Your instructions:
Only the lines below starting at the one containing "by (intro integral_PiM_restrict" and ending at the one containing "j) \<in> measurable" belong in the answer, each copied exactly.

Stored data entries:

=== Section Start ===

lemma integral_gauss_vec_kernel:
  fixes e :: "'k::finite \<Rightarrow> nat" and f :: "real^'k \<Rightarrow> real"
  assumes e: "bij_betw e UNIV {..<CARD('k)}" and KD: "CARD('k) \<le> D"
    and f[measurable]: "f \<in> borel_measurable borel"
  shows "(\<integral>x. gauss_kernel D y x * f (proj e x) \<partial>gauss_vec D) = kernel_mean D y * gauss_target e f y"
proof -
  define K where "K = CARD('k)"
  have eK: "e i \<in> {..<K}" for i using bij_betw_apply[OF e] unfolding K_def by auto
  have eD: "e i \<in> {..<D}" for i using eK[of i] KD unfolding K_def by simp
  define g where "g x = (\<Prod>j<D. posterior_density (y j) (x j))" for x :: "nat \<Rightarrow> real"
  have g_nonneg: "g x \<ge> 0" for x unfolding g_def by (intro prod_nonneg) (simp add: posterior_density_nonneg)
  have [measurable]: "g \<in> borel_measurable (gauss_vec D)"
    unfolding g_def gauss_vec_def by measurable
  have [measurable]: "(\<lambda>x. f (proj e x)) \<in> borel_measurable (gauss_vec D)"
    unfolding gauss_vec_def using eD by (intro measurable_proj) auto
  have "(\<integral>x. gauss_kernel D y x * f (proj e x) \<partial>gauss_vec D) = kernel_mean D y * (\<integral>x. g x * f (proj e x) \<partial>gauss_vec D)"
    by (simp add: gauss_kernel_eq_prod g_def mult.assoc)
  also have "(\<integral>x. g x * f (proj e x) \<partial>gauss_vec D) = (\<integral>x. f (proj e x) \<partial>density (gauss_vec D) g)"
    using g_nonneg by (subst integral_density) auto
  also have "density (gauss_vec D) g = PiM {..<D} (\<lambda>j. posterior (y j))"
    unfolding g_def by (rule density_gauss_vec_posterior)
  also have "(\<integral>x. f (proj e x) \<partial>PiM {..<D} (\<lambda>j. posterior (y j)))
      = (\<integral>x. f (proj e (restrict x {..<K})) \<partial>PiM {..<D} (\<lambda>j. posterior (y j)))"
    using eK by (intro Bochner_Integration.integral_cong refl) (simp add: proj_def)
  also have "\<dots> = (\<integral>w. f (proj e w) \<partial>PiM {..<K} (\<lambda>j. posterior (y j)))"
    using KD eK unfolding K_def
    by (intro integral_PiM_restrict measurable_proj) (auto simp: prob_space_posterior)
  also have "\<dots> = (\<integral>z. f (proj e (\<lambda>j\<in>{..<K}. y j/2 + sqrt (1/2) * z j)) \<partial>gauss_vec K)"
    unfolding PiM_posterior_eq_distr_gauss_vec
  proof (rule integral_distr)
    show "(\<lambda>z. \<lambda>j\<in>{..<K}. y j/2 + sqrt (1/2) * z j) \<in> measurable (gauss_vec K) (PiM {..<K} (\<lambda>_. borel))"
      unfolding gauss_vec_def by measurable
    show "(\<lambda>w. f (proj e w)) \<in> borel_measurable (PiM {..<K} (\<lambda>_. borel))"
      using eK by (intro measurable_proj) auto
  qed
  also have "\<dots> = gauss_target e f y"
    unfolding gauss_target_def K_def using eK
    by (intro Bochner_Integration.integral_cong refl) (simp add: proj_def K_def)
  finally show ?thesis .
qed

=== Section End ===

Task result:
    by (intro integral_PiM_restrict measurable_proj) (auto simp: prob_space_posterior)
  also have "\<dots> = (\<integral>z. f (proj e (\<lambda>j\<in>{..<K}. y j/2 + sqrt (1/2) * z j)) \<partial>gauss_vec K)"
    unfolding PiM_posterior_eq_distr_gauss_vec
  proof (rule integral_distr)
    show "(\<lambda>z. \<lambda>j\<in>{..<K}. y j/2 + sqrt (1/2) * z j) \<in> measurable (gauss_vec K) (PiM {..<K} (\<lambda>_. borel))"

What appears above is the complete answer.